Exercise directions
Please write out exactly the lines of the data below from the line holding "of_real (exp (2*T))" through the line holding "fixes \<Theta> h :: real", and leave out the rest.

Saved entries
[Start of Attachment]

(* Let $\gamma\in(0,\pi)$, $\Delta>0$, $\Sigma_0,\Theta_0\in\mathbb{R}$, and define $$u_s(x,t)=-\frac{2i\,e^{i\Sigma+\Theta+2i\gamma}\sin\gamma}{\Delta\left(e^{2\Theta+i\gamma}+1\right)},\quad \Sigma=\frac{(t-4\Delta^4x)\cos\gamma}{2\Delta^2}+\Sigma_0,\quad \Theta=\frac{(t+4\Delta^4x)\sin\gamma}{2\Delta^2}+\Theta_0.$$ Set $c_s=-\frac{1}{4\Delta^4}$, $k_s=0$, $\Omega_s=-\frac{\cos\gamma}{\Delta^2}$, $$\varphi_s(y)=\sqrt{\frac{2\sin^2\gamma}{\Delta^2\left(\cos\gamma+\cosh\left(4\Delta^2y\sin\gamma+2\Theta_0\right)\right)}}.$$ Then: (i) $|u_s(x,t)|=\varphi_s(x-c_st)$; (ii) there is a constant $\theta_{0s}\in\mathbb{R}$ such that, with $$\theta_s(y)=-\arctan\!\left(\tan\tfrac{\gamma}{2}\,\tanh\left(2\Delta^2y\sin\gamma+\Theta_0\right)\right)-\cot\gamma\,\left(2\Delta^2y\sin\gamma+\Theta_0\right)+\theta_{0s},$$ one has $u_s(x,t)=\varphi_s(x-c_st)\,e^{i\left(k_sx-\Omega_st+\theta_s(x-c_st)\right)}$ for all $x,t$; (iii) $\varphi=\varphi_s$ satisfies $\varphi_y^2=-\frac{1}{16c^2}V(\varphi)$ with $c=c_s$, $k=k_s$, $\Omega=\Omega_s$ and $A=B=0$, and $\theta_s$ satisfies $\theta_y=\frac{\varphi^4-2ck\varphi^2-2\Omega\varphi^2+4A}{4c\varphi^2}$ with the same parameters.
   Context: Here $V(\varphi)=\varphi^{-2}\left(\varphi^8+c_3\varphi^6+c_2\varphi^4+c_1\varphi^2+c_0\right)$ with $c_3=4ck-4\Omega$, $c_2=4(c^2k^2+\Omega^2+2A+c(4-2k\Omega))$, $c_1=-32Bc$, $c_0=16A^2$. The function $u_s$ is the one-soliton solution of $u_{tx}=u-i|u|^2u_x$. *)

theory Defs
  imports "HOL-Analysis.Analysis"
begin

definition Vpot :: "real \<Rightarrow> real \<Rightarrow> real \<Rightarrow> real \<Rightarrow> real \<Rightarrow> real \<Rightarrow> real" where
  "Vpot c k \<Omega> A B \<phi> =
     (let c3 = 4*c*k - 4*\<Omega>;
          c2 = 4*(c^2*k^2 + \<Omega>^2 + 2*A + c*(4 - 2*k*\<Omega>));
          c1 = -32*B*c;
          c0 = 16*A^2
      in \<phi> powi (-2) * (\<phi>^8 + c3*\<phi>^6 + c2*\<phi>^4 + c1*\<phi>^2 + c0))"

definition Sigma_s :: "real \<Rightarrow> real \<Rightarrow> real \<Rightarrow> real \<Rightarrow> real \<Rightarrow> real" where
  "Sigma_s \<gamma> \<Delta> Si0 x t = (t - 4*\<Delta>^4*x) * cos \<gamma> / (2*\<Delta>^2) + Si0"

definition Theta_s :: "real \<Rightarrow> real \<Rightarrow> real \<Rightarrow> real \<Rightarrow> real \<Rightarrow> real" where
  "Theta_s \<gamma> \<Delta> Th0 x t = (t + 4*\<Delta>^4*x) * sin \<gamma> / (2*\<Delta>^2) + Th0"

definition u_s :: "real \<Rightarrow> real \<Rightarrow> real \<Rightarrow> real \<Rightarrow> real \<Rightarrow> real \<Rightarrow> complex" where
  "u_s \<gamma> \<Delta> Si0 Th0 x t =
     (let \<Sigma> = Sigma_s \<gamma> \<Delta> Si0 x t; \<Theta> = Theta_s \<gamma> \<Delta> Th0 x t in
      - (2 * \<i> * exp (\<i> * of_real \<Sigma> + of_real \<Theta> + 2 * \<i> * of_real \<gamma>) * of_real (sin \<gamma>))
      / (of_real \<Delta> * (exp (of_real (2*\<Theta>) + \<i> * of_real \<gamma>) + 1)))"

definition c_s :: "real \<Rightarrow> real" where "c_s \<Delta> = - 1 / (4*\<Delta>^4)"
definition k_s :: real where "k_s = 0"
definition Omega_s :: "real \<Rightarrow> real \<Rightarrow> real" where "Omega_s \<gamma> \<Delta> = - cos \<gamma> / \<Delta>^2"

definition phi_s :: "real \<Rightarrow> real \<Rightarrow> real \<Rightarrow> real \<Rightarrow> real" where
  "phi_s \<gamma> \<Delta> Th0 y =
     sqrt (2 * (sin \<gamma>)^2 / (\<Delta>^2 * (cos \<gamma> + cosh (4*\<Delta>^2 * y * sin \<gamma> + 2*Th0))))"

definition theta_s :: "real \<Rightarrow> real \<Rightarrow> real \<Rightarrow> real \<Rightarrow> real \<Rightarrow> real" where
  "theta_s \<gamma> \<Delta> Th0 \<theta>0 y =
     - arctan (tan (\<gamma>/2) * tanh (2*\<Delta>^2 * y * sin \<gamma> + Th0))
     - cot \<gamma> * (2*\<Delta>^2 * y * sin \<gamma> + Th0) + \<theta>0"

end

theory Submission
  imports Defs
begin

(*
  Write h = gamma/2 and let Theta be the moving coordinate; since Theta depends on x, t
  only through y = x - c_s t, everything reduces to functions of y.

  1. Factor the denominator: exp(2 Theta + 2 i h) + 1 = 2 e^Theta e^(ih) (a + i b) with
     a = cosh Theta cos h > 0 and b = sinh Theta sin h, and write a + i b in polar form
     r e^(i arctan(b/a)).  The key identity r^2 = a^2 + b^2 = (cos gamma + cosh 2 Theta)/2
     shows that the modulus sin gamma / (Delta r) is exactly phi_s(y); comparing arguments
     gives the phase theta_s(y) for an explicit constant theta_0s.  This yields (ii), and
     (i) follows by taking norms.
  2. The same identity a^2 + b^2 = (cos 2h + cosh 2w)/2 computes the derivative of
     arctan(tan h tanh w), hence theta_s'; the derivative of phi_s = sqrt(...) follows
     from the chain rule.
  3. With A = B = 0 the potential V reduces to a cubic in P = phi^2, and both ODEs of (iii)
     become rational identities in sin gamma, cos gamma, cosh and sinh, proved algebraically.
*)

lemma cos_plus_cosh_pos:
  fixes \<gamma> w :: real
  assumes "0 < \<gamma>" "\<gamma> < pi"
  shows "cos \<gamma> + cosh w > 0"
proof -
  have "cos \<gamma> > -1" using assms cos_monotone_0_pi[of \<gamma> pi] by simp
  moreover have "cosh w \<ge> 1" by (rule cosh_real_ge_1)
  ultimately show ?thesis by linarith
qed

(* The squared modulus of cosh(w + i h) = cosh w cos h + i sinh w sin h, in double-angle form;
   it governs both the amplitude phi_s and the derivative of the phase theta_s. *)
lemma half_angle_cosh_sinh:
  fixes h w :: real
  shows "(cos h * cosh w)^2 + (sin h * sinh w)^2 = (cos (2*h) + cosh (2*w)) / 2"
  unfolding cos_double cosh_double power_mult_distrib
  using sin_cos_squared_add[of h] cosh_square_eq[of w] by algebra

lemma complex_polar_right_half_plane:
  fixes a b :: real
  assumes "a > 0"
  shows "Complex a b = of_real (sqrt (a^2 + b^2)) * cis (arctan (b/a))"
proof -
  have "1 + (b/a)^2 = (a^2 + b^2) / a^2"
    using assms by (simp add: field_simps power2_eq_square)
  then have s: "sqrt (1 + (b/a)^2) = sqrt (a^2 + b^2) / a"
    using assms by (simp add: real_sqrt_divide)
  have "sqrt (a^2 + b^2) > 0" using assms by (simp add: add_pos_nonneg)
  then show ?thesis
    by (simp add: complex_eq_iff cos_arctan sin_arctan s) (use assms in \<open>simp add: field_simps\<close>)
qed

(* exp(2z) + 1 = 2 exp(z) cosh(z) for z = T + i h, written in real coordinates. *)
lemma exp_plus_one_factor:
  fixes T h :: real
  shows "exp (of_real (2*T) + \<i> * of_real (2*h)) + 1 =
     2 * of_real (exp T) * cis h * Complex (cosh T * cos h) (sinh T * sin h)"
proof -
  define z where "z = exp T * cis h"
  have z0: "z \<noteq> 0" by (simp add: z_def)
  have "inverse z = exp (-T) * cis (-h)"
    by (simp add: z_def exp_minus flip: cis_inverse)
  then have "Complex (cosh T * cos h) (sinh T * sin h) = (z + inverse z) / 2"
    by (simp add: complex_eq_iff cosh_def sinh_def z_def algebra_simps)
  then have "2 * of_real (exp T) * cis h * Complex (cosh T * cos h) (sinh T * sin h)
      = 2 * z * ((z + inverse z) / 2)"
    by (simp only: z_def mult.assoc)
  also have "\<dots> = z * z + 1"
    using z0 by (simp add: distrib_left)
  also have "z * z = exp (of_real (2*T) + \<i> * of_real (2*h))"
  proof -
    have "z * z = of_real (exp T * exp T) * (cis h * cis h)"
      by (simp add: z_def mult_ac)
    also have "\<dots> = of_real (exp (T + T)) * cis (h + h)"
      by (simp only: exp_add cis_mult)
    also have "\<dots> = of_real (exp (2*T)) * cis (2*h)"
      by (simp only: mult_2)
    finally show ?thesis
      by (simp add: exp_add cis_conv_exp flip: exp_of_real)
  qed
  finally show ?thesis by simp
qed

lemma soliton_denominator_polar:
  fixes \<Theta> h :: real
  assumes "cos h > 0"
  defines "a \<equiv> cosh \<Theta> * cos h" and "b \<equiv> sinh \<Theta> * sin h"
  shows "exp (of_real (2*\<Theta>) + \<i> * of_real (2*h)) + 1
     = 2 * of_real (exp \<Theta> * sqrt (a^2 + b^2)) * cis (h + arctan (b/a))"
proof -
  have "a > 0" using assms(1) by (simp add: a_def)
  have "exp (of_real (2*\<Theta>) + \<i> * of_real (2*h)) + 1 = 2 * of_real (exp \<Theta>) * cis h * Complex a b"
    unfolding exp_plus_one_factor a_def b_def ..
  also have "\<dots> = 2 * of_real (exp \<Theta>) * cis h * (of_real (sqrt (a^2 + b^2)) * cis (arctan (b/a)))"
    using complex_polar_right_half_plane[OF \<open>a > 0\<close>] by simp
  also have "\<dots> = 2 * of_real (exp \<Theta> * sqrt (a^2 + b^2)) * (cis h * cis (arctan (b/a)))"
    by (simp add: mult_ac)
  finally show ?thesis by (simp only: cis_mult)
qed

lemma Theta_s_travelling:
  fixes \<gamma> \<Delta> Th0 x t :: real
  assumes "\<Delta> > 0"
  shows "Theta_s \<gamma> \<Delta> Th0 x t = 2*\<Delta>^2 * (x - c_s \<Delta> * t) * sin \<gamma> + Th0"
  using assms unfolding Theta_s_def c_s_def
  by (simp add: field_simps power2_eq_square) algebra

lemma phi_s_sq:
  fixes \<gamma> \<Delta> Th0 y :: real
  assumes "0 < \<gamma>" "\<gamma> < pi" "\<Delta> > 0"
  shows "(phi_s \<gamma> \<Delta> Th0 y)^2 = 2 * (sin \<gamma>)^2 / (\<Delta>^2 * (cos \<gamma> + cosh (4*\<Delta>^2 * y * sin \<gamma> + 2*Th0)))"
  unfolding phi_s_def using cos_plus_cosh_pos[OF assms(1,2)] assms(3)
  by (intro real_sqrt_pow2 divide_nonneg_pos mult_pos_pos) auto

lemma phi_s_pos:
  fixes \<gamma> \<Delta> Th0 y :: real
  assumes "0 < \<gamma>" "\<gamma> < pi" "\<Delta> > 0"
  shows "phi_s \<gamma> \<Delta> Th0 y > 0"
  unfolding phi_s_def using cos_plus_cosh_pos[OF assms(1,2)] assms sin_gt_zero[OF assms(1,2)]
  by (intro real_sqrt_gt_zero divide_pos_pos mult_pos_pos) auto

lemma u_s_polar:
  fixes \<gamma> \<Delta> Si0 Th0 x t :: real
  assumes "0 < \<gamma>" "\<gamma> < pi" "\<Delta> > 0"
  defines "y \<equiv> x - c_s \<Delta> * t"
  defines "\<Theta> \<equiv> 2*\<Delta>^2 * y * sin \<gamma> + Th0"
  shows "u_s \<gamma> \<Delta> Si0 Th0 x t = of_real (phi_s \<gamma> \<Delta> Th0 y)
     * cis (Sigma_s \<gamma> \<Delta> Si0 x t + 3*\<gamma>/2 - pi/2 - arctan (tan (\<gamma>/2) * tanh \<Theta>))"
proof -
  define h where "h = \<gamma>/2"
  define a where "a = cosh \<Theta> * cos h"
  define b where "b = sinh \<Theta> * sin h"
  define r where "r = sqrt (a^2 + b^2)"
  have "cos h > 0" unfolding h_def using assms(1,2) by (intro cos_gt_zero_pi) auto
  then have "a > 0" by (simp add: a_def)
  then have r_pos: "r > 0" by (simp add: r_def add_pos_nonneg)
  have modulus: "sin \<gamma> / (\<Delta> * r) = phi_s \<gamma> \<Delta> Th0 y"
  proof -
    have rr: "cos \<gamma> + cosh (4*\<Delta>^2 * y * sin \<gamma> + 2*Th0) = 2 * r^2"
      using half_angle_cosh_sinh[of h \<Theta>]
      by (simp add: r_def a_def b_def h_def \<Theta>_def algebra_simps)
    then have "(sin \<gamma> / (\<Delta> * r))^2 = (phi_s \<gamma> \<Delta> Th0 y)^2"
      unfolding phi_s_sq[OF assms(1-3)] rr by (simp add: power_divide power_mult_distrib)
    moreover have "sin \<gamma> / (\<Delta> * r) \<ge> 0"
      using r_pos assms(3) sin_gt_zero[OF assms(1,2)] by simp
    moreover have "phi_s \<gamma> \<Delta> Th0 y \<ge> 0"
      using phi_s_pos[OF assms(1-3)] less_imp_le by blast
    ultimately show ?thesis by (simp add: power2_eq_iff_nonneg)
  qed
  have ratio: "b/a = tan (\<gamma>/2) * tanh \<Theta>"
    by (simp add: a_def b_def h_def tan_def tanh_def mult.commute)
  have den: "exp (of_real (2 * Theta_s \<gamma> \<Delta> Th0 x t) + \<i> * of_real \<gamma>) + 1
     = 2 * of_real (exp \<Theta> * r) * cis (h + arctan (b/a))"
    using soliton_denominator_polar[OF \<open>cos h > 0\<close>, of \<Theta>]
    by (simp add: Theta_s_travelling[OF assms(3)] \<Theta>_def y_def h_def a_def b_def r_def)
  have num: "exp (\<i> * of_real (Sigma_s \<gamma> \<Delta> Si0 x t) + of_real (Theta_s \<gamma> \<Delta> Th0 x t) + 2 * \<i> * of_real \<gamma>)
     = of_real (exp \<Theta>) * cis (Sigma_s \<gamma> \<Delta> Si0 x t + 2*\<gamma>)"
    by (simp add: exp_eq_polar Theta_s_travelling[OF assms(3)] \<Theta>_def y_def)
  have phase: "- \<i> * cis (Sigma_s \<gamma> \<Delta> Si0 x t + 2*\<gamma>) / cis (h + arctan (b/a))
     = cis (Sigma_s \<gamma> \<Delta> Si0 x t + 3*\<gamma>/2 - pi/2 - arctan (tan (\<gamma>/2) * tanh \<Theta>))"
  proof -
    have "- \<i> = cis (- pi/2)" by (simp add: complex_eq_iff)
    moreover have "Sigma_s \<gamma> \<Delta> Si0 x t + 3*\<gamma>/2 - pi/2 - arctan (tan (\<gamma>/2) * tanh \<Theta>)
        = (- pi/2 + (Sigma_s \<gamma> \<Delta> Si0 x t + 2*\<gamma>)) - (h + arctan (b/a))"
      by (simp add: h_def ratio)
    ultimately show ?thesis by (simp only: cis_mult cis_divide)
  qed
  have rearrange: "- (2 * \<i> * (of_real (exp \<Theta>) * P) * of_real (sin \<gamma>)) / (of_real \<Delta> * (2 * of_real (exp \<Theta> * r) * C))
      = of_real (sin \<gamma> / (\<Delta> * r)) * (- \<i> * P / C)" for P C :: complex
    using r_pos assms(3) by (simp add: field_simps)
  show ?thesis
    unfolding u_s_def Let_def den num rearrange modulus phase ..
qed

[End of Attachment]

Output for this exercise
    also have "\<dots> = of_real (exp (2*T)) * cis (2*h)"
      by (simp only: mult_2)
    finally show ?thesis
      by (simp add: exp_add cis_conv_exp flip: exp_of_real)
  qed
  finally show ?thesis by simp
qed

lemma soliton_denominator_polar:
  fixes \<Theta> h :: real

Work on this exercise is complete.